Exercise brief: Work out how many lines below contain "pmult", then write only that number.

[Items from a dataset]
(* Every rigid reduced QP $(A,S)$ is $2$-acyclic, i.e. for every pair of vertices $i\ne j$, $A_{i,j}=0$ or $A_{j,i}=0$.
   Context: Fix a field $K$; quiver $Q$ with vertices $Q_0$; $R=K^{Q_0}$; arrow span $A$, $A_{i,j}=e_iAe_j$ spanned by arrows $j\to i$. Complete path algebra $R\langle\langle A\rangle\rangle=\prod_{d\ge0}A^d$, $\mathfrak m=\prod_{d\ge1}A^d$, $\mathfrak m$-adic topology. Potentials: linear combinations of cyclic paths; cyclic equivalence: difference in the closure of the span of $a_1\cdots a_d-a_2\cdots a_da_1$. $\partial_\xi(a_1\cdots a_d)=\sum_k\xi(a_k)a_{k+1}\cdots a_da_1\cdots a_{k-1}$ for $\xi\in A^\star$; $J(S)$ closure of the ideal generated by all $\partial_\xi S$; $\mathcal P(A,S)=R\langle\langle A\rangle\rangle/J(S)$. QP: no loops, no two cyclically equivalent cyclic paths in $S$; reduced if $S\in\mathfrak m^3$. For a topological algebra $U$, $\mathrm{Tr}(U)=U/\{U,U\}$ with $\{U,U\}$ the closure of the span of commutators. $(A,S)$ is rigid if $\mathrm{Tr}(\mathcal P(A,S))$ equals the image of $R$ (equivalently, every potential on $A$ is cyclically equivalent to an element of $J(S)$). *)

theory Defs
  imports Main
begin

text \<open>
A quiver is given by a finite vertex type 'v, a finite set Q1 of arrows, and
source / target maps src, tgt.  An arrow a with src a = j, tgt a = i spans A_{i,j}.
A path a_1 ... a_d (product in the algebra, composable iff src a_k = tgt a_{k+1})
is represented as a pair (v, [a_1,...,a_d]) where v is its starting vertex
(v = src a_d); the trivial path e_v is (v, []).  Elements of the complete path
algebra R<<A>> are functions from such pairs to the field, vanishing off valid paths
(arbitrary, possibly infinite, formal linear combinations of paths).
\<close>

type_synonym ('v, 'a) qpath = "'v \<times> 'a list"

definition composable :: "('a \<Rightarrow> 'v) \<Rightarrow> ('a \<Rightarrow> 'v) \<Rightarrow> 'a list \<Rightarrow> bool" where
  "composable src tgt as \<longleftrightarrow> (\<forall>k. Suc k < length as \<longrightarrow> src (as ! k) = tgt (as ! Suc k))"

definition is_path :: "'a set \<Rightarrow> ('a \<Rightarrow> 'v) \<Rightarrow> ('a \<Rightarrow> 'v) \<Rightarrow> ('v, 'a) qpath \<Rightarrow> bool" where
  "is_path Q1 src tgt p \<longleftrightarrow> set (snd p) \<subseteq> Q1 \<and> composable src tgt (snd p)
      \<and> (snd p \<noteq> [] \<longrightarrow> src (last (snd p)) = fst p)"

definition path_tgt :: "('a \<Rightarrow> 'v) \<Rightarrow> ('v, 'a) qpath \<Rightarrow> 'v" where
  "path_tgt tgt p = (if snd p = [] then fst p else tgt (hd (snd p)))"

definition is_cyclic_path :: "'a set \<Rightarrow> ('a \<Rightarrow> 'v) \<Rightarrow> ('a \<Rightarrow> 'v) \<Rightarrow> ('v, 'a) qpath \<Rightarrow> bool" where
  "is_cyclic_path Q1 src tgt p \<longleftrightarrow> is_path Q1 src tgt p \<and> snd p \<noteq> [] \<and> path_tgt tgt p = fst p"

definition elt :: "'a set \<Rightarrow> ('a \<Rightarrow> 'v) \<Rightarrow> ('a \<Rightarrow> 'v) \<Rightarrow> (('v, 'a) qpath \<Rightarrow> 'k::field) \<Rightarrow> bool" where
  "elt Q1 src tgt f \<longleftrightarrow> (\<forall>p. \<not> is_path Q1 src tgt p \<longrightarrow> f p = 0)"

text \<open>Multiplication: (u,p1)(v,p2) = (v, p1 @ p2) if u = target of (v,p2), else 0.\<close>
definition pmult :: "('a \<Rightarrow> 'v) \<Rightarrow> (('v, 'a) qpath \<Rightarrow> 'k::field) \<Rightarrow> (('v, 'a) qpath \<Rightarrow> 'k) \<Rightarrow> ('v, 'a) qpath \<Rightarrow> 'k" where
  "pmult tgt f g p = (\<Sum>k\<in>{0..length (snd p)}.
      f (path_tgt tgt (fst p, drop k (snd p)), take k (snd p)) * g (fst p, drop k (snd p)))"

definition pathvec :: "('v, 'a) qpath \<Rightarrow> ('v, 'a) qpath \<Rightarrow> 'k::field" where
  "pathvec p = (\<lambda>q. if q = p then 1 else 0)"

fun rot :: "('a \<Rightarrow> 'v) \<Rightarrow> ('v, 'a) qpath \<Rightarrow> ('v, 'a) qpath" where
  "rot src (v, []) = (v, [])"
| "rot src (v, a # as) = (src a, as @ [a])"

inductive_set kspan :: "((('v, 'a) qpath \<Rightarrow> 'k::field) set) \<Rightarrow> (('v, 'a) qpath \<Rightarrow> 'k) set"
  for X where
  zero: "(\<lambda>p. 0) \<in> kspan X"
| smult: "x \<in> X \<Longrightarrow> (\<lambda>p. c * x p) \<in> kspan X"
| add: "x \<in> kspan X \<Longrightarrow> y \<in> kspan X \<Longrightarrow> (\<lambda>p. x p + y p) \<in> kspan X"

text \<open>Closure in the m-adic topology: f lies in the closure of U iff for every n
  some u in U agrees with f modulo m^n, i.e. on all paths of length < n.\<close>
definition mclosure :: "(('v, 'a) qpath \<Rightarrow> 'k) set \<Rightarrow> (('v, 'a) qpath \<Rightarrow> 'k) set" where
  "mclosure U = {f. \<forall>n. \<exists>u\<in>U. \<forall>p. length (snd p) < n \<longrightarrow> f p = u p}"

inductive_set ideal_gen :: "'a set \<Rightarrow> ('a \<Rightarrow> 'v) \<Rightarrow> ('a \<Rightarrow> 'v) \<Rightarrow>
    ((('v, 'a) qpath \<Rightarrow> 'k::field) set) \<Rightarrow> (('v, 'a) qpath \<Rightarrow> 'k) set"
  for Q1 src tgt G where
  zero: "(\<lambda>p. 0) \<in> ideal_gen Q1 src tgt G"
| gen: "g \<in> G \<Longrightarrow> elt Q1 src tgt u \<Longrightarrow> elt Q1 src tgt w \<Longrightarrow>
        pmult tgt (pmult tgt u g) w \<in> ideal_gen Q1 src tgt G"
| add: "x \<in> ideal_gen Q1 src tgt G \<Longrightarrow> y \<in> ideal_gen Q1 src tgt G \<Longrightarrow>
        (\<lambda>p. x p + y p) \<in> ideal_gen Q1 src tgt G"

definition potential :: "'a set \<Rightarrow> ('a \<Rightarrow> 'v) \<Rightarrow> ('a \<Rightarrow> 'v) \<Rightarrow> (('v, 'a) qpath \<Rightarrow> 'k::field) \<Rightarrow> bool" where
  "potential Q1 src tgt S \<longleftrightarrow> (\<forall>p. S p \<noteq> 0 \<longrightarrow> is_cyclic_path Q1 src tgt p)"

definition cyc_equiv :: "'a set \<Rightarrow> ('a \<Rightarrow> 'v) \<Rightarrow> ('a \<Rightarrow> 'v) \<Rightarrow> (('v, 'a) qpath \<Rightarrow> 'k::field) \<Rightarrow> (('v, 'a) qpath \<Rightarrow> 'k) \<Rightarrow> bool" where
  "cyc_equiv Q1 src tgt S S' \<longleftrightarrow>
     (\<lambda>p. S p - S' p) \<in> mclosure (kspan {(\<lambda>q. pathvec c q - pathvec (rot src c) q) | c. is_cyclic_path Q1 src tgt c})"

text \<open>Cyclic derivative \<partial>_\<xi> S for \<xi> \<in> A^*, given by the values \<xi> a on the arrow basis.
  The coefficient of a path q collects all (cycle, position) pairs: the cycles
  rotate j (a # q), j < length (a # q), where a is the deleted arrow.\<close>
definition cyc_deriv :: "'a set \<Rightarrow> ('a \<Rightarrow> 'v) \<Rightarrow> ('a \<Rightarrow> 'v) \<Rightarrow> ('a \<Rightarrow> 'k::field) \<Rightarrow> (('v, 'a) qpath \<Rightarrow> 'k) \<Rightarrow> ('v, 'a) qpath \<Rightarrow> 'k" where
  "cyc_deriv Q1 src tgt \<xi> S q =
     (if is_path Q1 src tgt q then
        (\<Sum>a\<in>{a\<in>Q1. src a = path_tgt tgt q \<and> tgt a = fst q}.
           \<xi> a * (\<Sum>j<Suc (length (snd q)).
              S (let l = rotate j (a # snd q) in (src (last l), l))))
      else 0)"

definition jacobian_ideal :: "'a set \<Rightarrow> ('a \<Rightarrow> 'v) \<Rightarrow> ('a \<Rightarrow> 'v) \<Rightarrow> (('v, 'a) qpath \<Rightarrow> 'k::field) \<Rightarrow> (('v, 'a) qpath \<Rightarrow> 'k) set" where
  "jacobian_ideal Q1 src tgt S = mclosure (ideal_gen Q1 src tgt {cyc_deriv Q1 src tgt \<xi> S | \<xi>. True})"

definition is_QP :: "'a set \<Rightarrow> ('a \<Rightarrow> 'v) \<Rightarrow> ('a \<Rightarrow> 'v) \<Rightarrow> (('v, 'a) qpath \<Rightarrow> 'k::field) \<Rightarrow> bool" where
  "is_QP Q1 src tgt S \<longleftrightarrow> (\<forall>a\<in>Q1. src a \<noteq> tgt a) \<and> potential Q1 src tgt S \<and>
     (\<forall>c c'. S c \<noteq> 0 \<longrightarrow> S c' \<noteq> 0 \<longrightarrow> (\<exists>k. snd c' = rotate k (snd c)) \<longrightarrow> c = c')"

definition reduced :: "(('v, 'a) qpath \<Rightarrow> 'k::field) \<Rightarrow> bool" where
  "reduced S \<longleftrightarrow> (\<forall>p. length (snd p) < 3 \<longrightarrow> S p = 0)"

Answer section: 3